Measurement of Serum ALT and AST Level

Serum activity of alanine aminotransferase (ALT) and aspartate aminotransferase (AST) was determined photometrically using commercial kit (Labtest®, Diagnostica S.A., Minas Gerais, Brazil).

Methyl-Tetrazolium (MTT) Reduction Levels

MTT reduction levels were determined as an index of the dehydrogenase enzymes functions, which are involved in the cellular viability (Bernas and Dobrucki 2002). Aliquots of liver S1 (200 µL) were added to a medium containing 0.5 mg/mL of MTT and were incubated in the dark for 1 h at 37ºC. The MTT reduction reaction was quenched by the addition of 1 mL of dimethylsulfoxide (DMSO). The formed formazan levels were determined spectrophotometrically at 570 nm, and the results were corrected by the protein content (Mosmann 1983).
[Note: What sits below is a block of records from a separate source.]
lemma subspace_null_space: "subspace {x. M *v x = 0}"
  for M :: "real^'n^'m"
  by (auto simp: subspace_def matrix_vector_right_distrib matrix_vector_mult_scaleR)

lemma rank_less_of_null_space_psubset:
  fixes M N :: "real^'n^'m"
  assumes "{x. M *v x = 0} \<subset> {x. N *v x = 0}"
  shows "rank N < rank M"
proof -
  have "span {x. M *v x = 0} \<subset> span {x. N *v x = 0}"
    using assms subspace_null_space[of M] subspace_null_space[of N] by (metis span_eq_iff)
  then have "dim {x. M *v x = 0} < dim {x. N *v x = 0}"
    by (rule dim_psubset)
  then show ?thesis
    using dim_null_space_add_rank[of M] dim_null_space_add_rank[of N] by linarith
qed

lemma null_space_eq_of_subset_rank_eq:
  fixes M N :: "real^'n^'m"
  assumes subset: "{x. M *v x = 0} \<subseteq> {x. N *v x = 0}" and rank: "rank N = rank M"
  shows "{x. M *v x = 0} = {x. N *v x = 0}"
proof (rule ccontr)
  assume "{x. M *v x = 0} \<noteq> {x. N *v x = 0}"
  then have "rank N < rank M"
    using subset by (intro rank_less_of_null_space_psubset) blast
  then show False
    using rank by simp
qed

lemma rank_mult_invertible_left:
  fixes P A :: "real^'n^'n"
  assumes "invertible P"
  shows "rank (P ** A) = rank A"
proof -
  obtain P' where "P' ** P = mat 1" using assms invertible_def by blast
  then have "A = P' ** (P ** A)" by (simp add: matrix_mul_assoc)
  then show ?thesis by (metis rank_mul_le_right le_antisym)
qed

lemma rank_mult_invertible_right:
  fixes Q A :: "real^'n^'n"
  assumes "invertible Q"
  shows "rank (A ** Q) = rank A"
  using rank_mult_invertible_left[OF transpose_invertible[OF assms], of "transpose A"]
  by (metis matrix_transpose_mul rank_transpose)

lemma norm_matrix_vector_mult_add_ge:
  fixes M E :: "real^'n^'m"
  assumes "c * norm v \<le> norm (M *v v)"
  shows "(c - norm E) * norm v \<le> norm ((M + E) *v v)"
proof -
  have "norm (M *v v) \<le> norm ((M + E) *v v) + norm (E *v v)"
    by (metis matrix_vector_mult_add_rdistrib add_diff_cancel_right' norm_triangle_ineq4)
  then show ?thesis
    using assms norm_matrix_vector_mult_le[of E v] by (simp add: algebra_simps)
qed

lemma invertible_of_bounded_below:
  fixes M :: "real^'n^'n"
  assumes "c > 0" and "\<And>v. c * norm v \<le> norm (M *v v)"
  shows "invertible M"
proof -
  have "inj ((*v) M)"
  proof (rule injI)
    fix u v assume "M *v u = M *v v"
    then have "c * norm (u - v) \<le> 0"
      using assms(2)[of "u - v"] by (simp add: matrix_vector_mult_diff_distrib)
    then show "u = v" using assms(1) by (simp add: mult_le_0_iff)
  qed
  then show ?thesis
    using invertible_left_inverse matrix_left_invertible_injective by blast
qed

section \<open>Gram matrices and positive semidefinite factorization\<close>

definition outer :: "real^'n \<Rightarrow> real^'n \<Rightarrow> real^'n^'n" where
  "outer u v = (\<chi> a c. u$a * v$c)"

lemma outer_mult_vec: "outer u v *v x = (v \<bullet> x) *\<^sub>R u"
  by (simp add: outer_def vec_eq_iff matrix_vector_mult_def inner_vec_def sum_distrib_left
      algebra_simps)

lemma transpose_outer: "transpose (outer u v) = outer v u"
  by (simp add: outer_def transpose_def vec_eq_iff mult.commute)

lemma YYt_eq_sum_outer: "YYt p Y = (\<Sum>j<p. outer (Y j) (Y j))"
  by (simp add: YYt_def outer_def)

lemma YYt_mult_vec: "YYt p Y *v x = (\<Sum>j<p. (Y j \<bullet> x) *\<^sub>R Y j)"
  by (simp add: YYt_eq_sum_outer sum_matrix_vector_mult outer_mult_vec)

lemma transpose_YYt: "transpose (YYt p Y) = YYt p Y"
  by (simp add: YYt_eq_sum_outer transpose_sum transpose_outer)

lemma inner_YYt_mult_vec: "v \<bullet> (YYt p Y *v v) = (\<Sum>j<p. (Y j \<bullet> v)\<^sup>2)"
  by (simp add: YYt_mult_vec inner_sum_right power2_eq_square inner_commute)

lemma psd_YYt: "psd (YYt p Y)"
  by (simp add: psd_def sym_mat_def transpose_YYt inner_YYt_mult_vec sum_nonneg)

lemma matrix_mult_YYt_eq_0_iff: "M ** YYt p Y = 0 \<longleftrightarrow> (\<forall>j<p. M *v Y j = 0)"
  for M :: "real^'n^'n"
proof
  assume MX: "M ** YYt p Y = 0"
  have squares: "(\<Sum>j<p. ((M *v Y j) \<bullet> v)\<^sup>2) = 0" for v
  proof -
    have "Y j \<bullet> (v v* M) = (M *v Y j) \<bullet> v" for j
      by (metis dot_lmul_matrix inner_commute)
    then have "(\<Sum>j<p. ((M *v Y j) \<bullet> v)\<^sup>2) = (v v* M) \<bullet> (YYt p Y *v (v v* M))"
      by (simp add: inner_YYt_mult_vec)
    also have "\<dots> = v \<bullet> ((M ** YYt p Y) *v (v v* M))"
      by (simp add: dot_lmul_matrix matrix_vector_mul_assoc)
    finally show ?thesis by (simp add: MX)
  qed
  show "\<forall>j<p. M *v Y j = 0"
  proof (intro allI impI)
    fix j assume "j < p"
    then have "((M *v Y j) \<bullet> (M *v Y j))\<^sup>2 = 0"
      using squares[of "M *v Y j"] by (simp add: sum_nonneg_eq_0_iff)
    then show "M *v Y j = 0" by simp
  qed
next
  assume "\<forall>j<p. M *v Y j = 0"
  then show "M ** YYt p Y = 0"
    by (simp add: matrix_eq matrix_vector_mul_assoc[symmetric] YYt_mult_vec
        linear_sum[OF matrix_vector_mul_linear] matrix_vector_mult_scaleR)
qed

lemma quadratic_nonneg_discriminant:
  fixes a b c :: real
  assumes "a \<ge> 0" and nonneg: "\<And>s. 0 \<le> a * s\<^sup>2 + 2 * b * s + c"
  shows "b\<^sup>2 \<le> a * c"
proof (cases "a = 0")
  case True
  have "b = 0"
  proof (rule ccontr)
    assume "b \<noteq> 0"
    then have "2 * b * (- (\<bar>c\<bar> + 1) / (2 * b)) = - (\<bar>c\<bar> + 1)" by simp
    then show False
      using nonneg[of "- (\<bar>c\<bar> + 1) / (2 * b)"] True abs_ge_self[of c] by simp
  qed
  then show ?thesis using True by simp
next
  case False
  then have "a > 0" using assms(1) by simp
  then show ?thesis
    using nonneg[of "- b / a"] by (simp add: field_simps power2_eq_square)
qed

lemma psd_Cauchy_Schwarz:
  assumes "psd X"
  shows "(u \<bullet> (X *v v))\<^sup>2 \<le> (u \<bullet> (X *v u)) * (v \<bullet> (X *v v))"
proof -
  have symX: "transpose X = X" using assms by (simp add: psd_def sym_mat_def)
  have "0 \<le> (v \<bullet> (X *v v)) * s\<^sup>2 + 2 * (u \<bullet> (X *v v)) * s + u \<bullet> (X *v u)" for s
  proof -
    have "0 \<le> (u + s *\<^sub>R v) \<bullet> (X *v (u + s *\<^sub>R v))"
      using assms by (simp add: psd_def)
    also have "\<dots> = (v \<bullet> (X *v v)) * s\<^sup>2 + 2 * (u \<bullet> (X *v v)) * s + u \<bullet> (X *v u)"
      using inner_symmetric_matrix_vector[OF symX, of v u]
      by (simp add: algebra_simps power2_eq_square inner_commute)
    finally show ?thesis .
  qed
  then show ?thesis
    using quadratic_nonneg_discriminant[of "v \<bullet> (X *v v)"] assms
    by (simp add: psd_def mult.commute)
qed

lemma psd_inner_pos:
  assumes psdX: "psd X" and Xu: "X *v u \<noteq> 0"
  shows "u \<bullet> (X *v u) > 0"
proof -
  have symX: "transpose X = X" using psdX by (simp add: psd_def sym_mat_def)
  have "u \<bullet> (X *v u) \<noteq> 0"
  proof
    assume "u \<bullet> (X *v u) = 0"
    then have "(u \<bullet> (X *v (X *v u)))\<^sup>2 \<le> 0"
      using psd_Cauchy_Schwarz[OF psdX, of u "X *v u"] by simp
    then show False
      using Xu inner_symmetric_matrix_vector[OF symX, of u "X *v u"] by simp
  qed
  then show ?thesis
    using psdX by (simp add: psd_def order_less_le)
qed

lemma psd_rank_one_deflation:
  assumes psdX: "psd X" and Xu: "X *v u \<noteq> 0"
  obtains y where "psd (X - outer y y)" and "rank (X - outer y y) < rank X"
proof -
  have symX: "transpose X = X" using psdX by (simp add: psd_def sym_mat_def)
  define \<alpha> where "\<alpha> = u \<bullet> (X *v u)"
  have \<alpha>_pos: "\<alpha> > 0"
    unfolding \<alpha>_def by (rule psd_inner_pos[OF psdX Xu])
  define y where "y = (1 / sqrt \<alpha>) *\<^sub>R (X *v u)"
  have y_inner: "y \<bullet> v = (u \<bullet> (X *v v)) / sqrt \<alpha>" for v
    using inner_symmetric_matrix_vector[OF symX, of u v] by (simp add: y_def inner_commute)
  have deflated: "(X - outer y y) *v v = X *v v - (y \<bullet> v) *\<^sub>R y" for v
    by (simp add: matrix_vector_mult_diff_rdistrib outer_mult_vec)
  have "psd (X - outer y y)"
    unfolding psd_def sym_mat_def
  proof (intro conjI allI)
    show "transpose (X - outer y y) = X - outer y y"
      by (simp add: transpose_diff symX transpose_outer)
    fix v
    have "(u \<bullet> (X *v v))\<^sup>2 / \<alpha> \<le> v \<bullet> (X *v v)"
      using psd_Cauchy_Schwarz[OF psdX, of u v] \<alpha>_pos by (simp add: \<alpha>_def field_simps)
    moreover have "v \<bullet> ((X - outer y y) *v v) = v \<bullet> (X *v v) - (u \<bullet> (X *v v))\<^sup>2 / \<alpha>"
      using \<alpha>_pos
      by (simp add: deflated inner_diff_right inner_commute[of v y] y_inner power2_eq_square)
    ultimately show "0 \<le> v \<bullet> ((X - outer y y) *v v)" by simp
  qed
  moreover have "rank (X - outer y y) < rank X"
  proof (rule rank_less_of_null_space_psubset)
    have "y \<bullet> u = sqrt \<alpha>"
      using \<alpha>_pos by (simp add: y_inner \<alpha>_def real_div_sqrt)
    then have "(y \<bullet> u) *\<^sub>R y = X *v u"
      using \<alpha>_pos by (simp add: y_def)
    then have "(X - outer y y) *v u = 0"
      by (simp add: deflated)
    moreover have "X *v v = 0 \<Longrightarrow> (X - outer y y) *v v = 0" for v
      by (simp add: deflated y_inner inner_symmetric_matrix_vector[OF symX])
    ultimately show "{v. X *v v = 0} \<subset> {v. (X - outer y y) *v v = 0}"
      using Xu by blast
  qed
  ultimately show ?thesis by (rule that)
qed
Thiobarbituric Acid–Reactive Substances Levels

Lipid peroxidation was determined by measuring thiobarbituric acid reactive substances (TBARS) as described by Ohkawa et al. (1979). An aliquot (200 µL) of S1 of liver was mixed with 500 µL thiobarbituric acid (0.6%), 200 µL sodium dodecyl sulphate (SDS) 8.1%, and 500 µl acetic acid (pH 3.4) and incubated at 90°C for 1 h. TBARS levels were measured at 532 nm using a standard curve of MDA (malondialdehyde), and the results were reported as nmol MDA/mg protein.
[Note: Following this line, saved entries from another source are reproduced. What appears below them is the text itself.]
theorem theorem5:
  fixes E A B :: "complex mat" and n :: nat
  assumes "E \<in> carrier_mat n n" "A \<in> carrier_mat n n" "B \<in> carrier_mat n n"
    and "E * A = A * E" "E * B = B * E" "A * B = B * A"
  shows "\<exists>U Uinv n1 n2 n3 n4 JE NE2 NE3 NE4 A1 JA NA3 NA4 B1 B2 JB NB4.
     U \<in> carrier_mat n n \<and> Uinv \<in> carrier_mat n n \<and>
     U * Uinv = 1\<^sub>m n \<and> Uinv * U = 1\<^sub>m n \<and>
     n1 + n2 + n3 + n4 = n \<and>
     JE \<in> carrier_mat n1 n1 \<and> NE2 \<in> carrier_mat n2 n2 \<and> NE3 \<in> carrier_mat n3 n3 \<and> NE4 \<in> carrier_mat n4 n4 \<and>
     A1 \<in> carrier_mat n1 n1 \<and> JA \<in> carrier_mat n2 n2 \<and> NA3 \<in> carrier_mat n3 n3 \<and> NA4 \<in> carrier_mat n4 n4 \<and>
     B1 \<in> carrier_mat n1 n1 \<and> B2 \<in> carrier_mat n2 n2 \<and> JB \<in> carrier_mat n3 n3 \<and> NB4 \<in> carrier_mat n4 n4 \<and>
     U * E * Uinv = block_diag4 JE NE2 NE3 NE4 \<and>
     U * A * Uinv = block_diag4 A1 JA NA3 NA4 \<and>
     U * B * Uinv = block_diag4 B1 B2 JB NB4 \<and>
     invertible_mat JE \<and> invertible_mat JA \<and> invertible_mat JB \<and>
     nilpotent_mat NE2 \<and> nilpotent_mat NE3 \<and> nilpotent_mat NE4 \<and>
     nilpotent_mat NA3 \<and> nilpotent_mat NA4 \<and> nilpotent_mat NB4 \<and>
     (regular_triple E A B \<longrightarrow> n4 = 0)"
proof -
  obtain P Q n1 n2 n3 n4 JE NE2 NE3 NE4 A1 JA NA3 NA4 B1 B2 JB NB4 where
    sim: "similar_mat_wit E (block_diag4 JE NE2 NE3 NE4) P Q"
      "similar_mat_wit A (block_diag4 A1 JA NA3 NA4) P Q" "similar_mat_wit B (block_diag4 B1 B2 JB NB4) P Q"
    and sizes: "n1 + n2 + n3 + n4 = n"
    and blocks: "JE \<in> carrier_mat n1 n1" "NE2 \<in> carrier_mat n2 n2" "NE3 \<in> carrier_mat n3 n3"
      "NE4 \<in> carrier_mat n4 n4" "A1 \<in> carrier_mat n1 n1" "JA \<in> carrier_mat n2 n2"
      "NA3 \<in> carrier_mat n3 n3" "NA4 \<in> carrier_mat n4 n4" "B1 \<in> carrier_mat n1 n1"
      "B2 \<in> carrier_mat n2 n2" "JB \<in> carrier_mat n3 n3" "NB4 \<in> carrier_mat n4 n4"
    and inv: "invertible_mat JE" "invertible_mat JA" "invertible_mat JB"
    and nilpotent: "nilpotent_mat NE2" "nilpotent_mat NE3" "nilpotent_mat NE4"
      "nilpotent_mat NA3" "nilpotent_mat NA4" "nilpotent_mat NB4"
    and comm: "NE4 * NA4 = NA4 * NE4" "NE4 * NB4 = NB4 * NE4" "NA4 * NB4 = NB4 * NA4"
    by (rule commuting_triple_four_block_formE[OF assms])
  have regular: "regular_triple E A B \<Longrightarrow> n4 = 0"
    using not_regular_triple_nilpotent_block[OF sim[unfolded block_diag4_def block_diag2_assoc]
        _ _ _ blocks(4,8,12) nilpotent(3,5,6) comm] blocks
    by (metis block_diag2_carrier_mat gr0I)
  have conj: "Q * E * P = block_diag4 JE NE2 NE3 NE4" "Q * A * P = block_diag4 A1 JA NA3 NA4"
    "Q * B * P = block_diag4 B1 B2 JB NB4"
    using sim[THEN similar_mat_wit_sym, THEN similar_mat_witD(3)[OF refl]] by simp_all
  note inverse = similar_mat_witD2(1,2,6,7)[OF assms(1) sim(1)]
  show ?thesis
    by (rule exI[of _ Q], rule exI[of _ P], rule exI[of _ n1], rule exI[of _ n2], rule exI[of _ n3],
        rule exI[of _ n4], rule exI[of _ JE], rule exI[of _ NE2], rule exI[of _ NE3], rule exI[of _ NE4],
        rule exI[of _ A1], rule exI[of _ JA], rule exI[of _ NA3], rule exI[of _ NA4], rule exI[of _ B1],
        rule exI[of _ B2], rule exI[of _ JB], rule exI[of _ NB4])
      (intro conjI impI; (rule inverse sizes blocks conj inv nilpotent | erule regular))
qed

end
Measurement of Intracellular Reactive Oxygen Species Production

2’-7’-Dichlorofluorescein (DCF) levels were determined as an index of the reactive species production by the cellular components (Myhre et al. 2003). Aliquots (20 µl) of liver S1 was added to a medium containing Tris–HCl buffer (10 mM; pH 7.4) and 2’-7’-dichlorofluorescein diacetate DCFH-DA (1 mM). After DCFH-DA addition, the medium was incubated in the dark for 1 h until fluorescence measurement procedure (excitation at 488 nm and emission at 525 nm, and both slit widths used were at 1.5 nm). DCF levels were determined using a standard curve of DCF, and results were corrected by the protein content.

Catalase (CAT) Activity

The measurement of the CAT activity was determined according to the method proposed by Aebi (1984). An aliquot of the S1 (40 µl) was added to a medium containing phosphate buffer (50 mM; pH 7.4) and H₂O₂ (10 mM). The kinetic analysis of catalase was started after H₂O₂ addition and the rate of H₂O₂ decomposition was measured spectrophotometrically at 240 nm during 120 seconds. One unit of the enzyme was considered as the amount of enzyme that decomposes 1 µmol H₂O₂/min at pH 7.
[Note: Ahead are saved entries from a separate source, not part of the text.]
(* Let $\mathcal B$ be an extriangulated category with enough projectives and enough injectives, let $\mathcal D\subseteq\mathcal C$ be subcategories satisfying (RCP), and let $\mathcal H/\mathcal C$ be the heart of the cotorsion pair $(\mathcal C,\mathcal C^{\perp_1})$. If $\overline f:Y\to X$ is an epimorphism in $\mathcal H/\mathcal C$ with $X,Y\in\mathcal H$ and $Y\in\mathcal D^{\perp_1}$, then $X\in\mathcal D^{\perp_1}$. In other words, the full subcategory $\mathcal A$ of $\mathcal H/\mathcal C$ on objects of $\mathcal H\cap\mathcal D^{\perp_1}$ is closed under epimorphic images (quotients).
   Context: $(\mathcal B,\mathbb E,\mathfrak s)$ is an extriangulated category (Nakaoka–Palu); conflations $A\rightarrowtail B\twoheadrightarrow C$. Subcategories are full, additive, closed under isomorphisms and finite direct sums. $\mathcal P$ = projectives. $\mathcal X^{\perp_1}=\{B\mid\mathbb E(\mathcal X,B)=0\}$; rigid means $\mathbb E(\mathcal X,\mathcal X)=0$. (RCP): $\mathcal P\subseteq\mathcal C$, $\mathcal C$ rigid, contravariantly finite, closed under direct summands; then $(\mathcal C,\mathcal C^{\perp_1})$ is a cotorsion pair. For a cotorsion pair $(\mathcal U,\mathcal V)$, $\mathcal H$ is the subcategory of objects $B$ admitting conflations $V_B\rightarrowtail U_B\twoheadrightarrow B$, $B\rightarrowtail V^B\twoheadrightarrow U^B$ with $V_B\in\mathcal V$, $U^B\in\mathcal U$, $U_B,V^B\in\mathcal U\cap\mathcal V$; the heart is the abelian ideal quotient $\mathcal H/(\mathcal U\cap\mathcal V)$, here $\mathcal H/\mathcal C$. *)

theory Defs
  imports Main
begin

text \<open>
  Objects are all elements of type 'o.  Morphisms live in type 'm with
  hom-sets Hom X Y (pairwise disjoint, as in the usual definition of a category),
  composition Cmp g f (g after f), identities, and the abelian group structure
  on hom-sets (Addm, Negm, Zerom X Y).
  The bifunctor E is given by the sets Ext C A (= E(C,A)) of elements of type 'e
  (pairwise disjoint), their abelian group structure, and the actions
  Push a (= a_*) and Pull c (= c^*).
  The realization s is given by the relation Real:  Real delta x y  means that the
  sequence  A --x--> M --y--> C  belongs to the class s(delta).
\<close>

record ('o,'m,'e) extri =
  Hom   :: "'o \<Rightarrow> 'o \<Rightarrow> 'm set"
  Cmp   :: "'m \<Rightarrow> 'm \<Rightarrow> 'm"
  Idm   :: "'o \<Rightarrow> 'm"
  Addm  :: "'m \<Rightarrow> 'm \<Rightarrow> 'm"
  Negm  :: "'m \<Rightarrow> 'm"
  Zerom :: "'o \<Rightarrow> 'o \<Rightarrow> 'm"
  Ext   :: "'o \<Rightarrow> 'o \<Rightarrow> 'e set"
  Adde  :: "'e \<Rightarrow> 'e \<Rightarrow> 'e"
  Nege  :: "'e \<Rightarrow> 'e"
  Zeroe :: "'o \<Rightarrow> 'o \<Rightarrow> 'e"
  Push  :: "'m \<Rightarrow> 'e \<Rightarrow> 'e"
  Pull  :: "'m \<Rightarrow> 'e \<Rightarrow> 'e"
  Real  :: "'e \<Rightarrow> 'm \<Rightarrow> 'm \<Rightarrow> bool"

definition category :: "('o,'m,'e) extri \<Rightarrow> bool" where
"category B \<longleftrightarrow>
  (\<forall>X. Idm B X \<in> Hom B X X) \<and>
  (\<forall>X Y Z f g. f \<in> Hom B X Y \<longrightarrow> g \<in> Hom B Y Z \<longrightarrow> Cmp B g f \<in> Hom B X Z) \<and>
  (\<forall>X Y f. f \<in> Hom B X Y \<longrightarrow> Cmp B (Idm B Y) f = f \<and> Cmp B f (Idm B X) = f) \<and>
  (\<forall>W X Y Z f g h. f \<in> Hom B W X \<longrightarrow> g \<in> Hom B X Y \<longrightarrow> h \<in> Hom B Y Z \<longrightarrow>
      Cmp B h (Cmp B g f) = Cmp B (Cmp B h g) f) \<and>
  (\<forall>X Y X' Y' f. f \<in> Hom B X Y \<longrightarrow> f \<in> Hom B X' Y' \<longrightarrow> X = X' \<and> Y = Y')"

definition preadditive :: "('o,'m,'e) extri \<Rightarrow> bool" where
"preadditive B \<longleftrightarrow>
  (\<forall>X Y. Zerom B X Y \<in> Hom B X Y \<and>
     (\<forall>f\<in>Hom B X Y. \<forall>g\<in>Hom B X Y. Addm B f g \<in> Hom B X Y) \<and>
     (\<forall>f\<in>Hom B X Y. Negm B f \<in> Hom B X Y) \<and>
     (\<forall>f\<in>Hom B X Y. \<forall>g\<in>Hom B X Y. \<forall>h\<in>Hom B X Y.
         Addm B (Addm B f g) h = Addm B f (Addm B g h)) \<and>
     (\<forall>f\<in>Hom B X Y. \<forall>g\<in>Hom B X Y. Addm B f g = Addm B g f) \<and>
     (\<forall>f\<in>Hom B X Y. Addm B (Zerom B X Y) f = f) \<and>
     (\<forall>f\<in>Hom B X Y. Addm B (Negm B f) f = Zerom B X Y)) \<and>
  (\<forall>X Y Z f f' g. f \<in> Hom B X Y \<longrightarrow> f' \<in> Hom B X Y \<longrightarrow> g \<in> Hom B Y Z \<longrightarrow>
      Cmp B g (Addm B f f') = Addm B (Cmp B g f) (Cmp B g f')) \<and>
  (\<forall>X Y Z f g g'. f \<in> Hom B X Y \<longrightarrow> g \<in> Hom B Y Z \<longrightarrow> g' \<in> Hom B Y Z \<longrightarrow>
      Cmp B (Addm B g g') f = Addm B (Cmp B g f) (Cmp B g' f))"

definition zero_obj :: "('o,'m,'e) extri \<Rightarrow> 'o \<Rightarrow> bool" where
"zero_obj B Z \<longleftrightarrow> Idm B Z = Zerom B Z Z"

definition biproduct :: "('o,'m,'e) extri \<Rightarrow> 'o \<Rightarrow> 'o \<Rightarrow> 'o \<Rightarrow> 'm \<Rightarrow> 'm \<Rightarrow> 'm \<Rightarrow> 'm \<Rightarrow> bool" where
"biproduct B A1 A2 S i1 i2 p1 p2 \<longleftrightarrow>
  i1 \<in> Hom B A1 S \<and> i2 \<in> Hom B A2 S \<and> p1 \<in> Hom B S A1 \<and> p2 \<in> Hom B S A2 \<and>
  Cmp B p1 i1 = Idm B A1 \<and> Cmp B p2 i2 = Idm B A2 \<and>
  Cmp B p2 i1 = Zerom B A1 A2 \<and> Cmp B p1 i2 = Zerom B A2 A1 \<and>
  Addm B (Cmp B i1 p1) (Cmp B i2 p2) = Idm B S"

definition additive :: "('o,'m,'e) extri \<Rightarrow> bool" where
"additive B \<longleftrightarrow> category B \<and> preadditive B \<and> (\<exists>Z. zero_obj B Z) \<and>
   (\<forall>A1 A2. \<exists>S i1 i2 p1 p2. biproduct B A1 A2 S i1 i2 p1 p2)"

definition is_iso :: "('o,'m,'e) extri \<Rightarrow> 'o \<Rightarrow> 'o \<Rightarrow> 'm \<Rightarrow> bool" where
"is_iso B X Y f \<longleftrightarrow> f \<in> Hom B X Y \<and>
   (\<exists>g\<in>Hom B Y X. Cmp B g f = Idm B X \<and> Cmp B f g = Idm B Y)"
Myeloperoxidase (MPO) Activity

The MPO enzyme activity was determined in liver S1 according to the method proposed by Grisham et al. (1986), with some modifications. Briefly, a sample of the liver S1 preparation (20 µL) was added to a medium containing potassium phosphate buffer (50 mM; pH 6.0), hexadecyltrimethylammonium bromide (0.5%), and N, N, N’, N’-tetramethylbenzidine (1.5 mM). The kinetic analysis of MPO was started after H₂O₂ (0.01%) addition, and the color reaction was measured at 655 nm at 37ºC.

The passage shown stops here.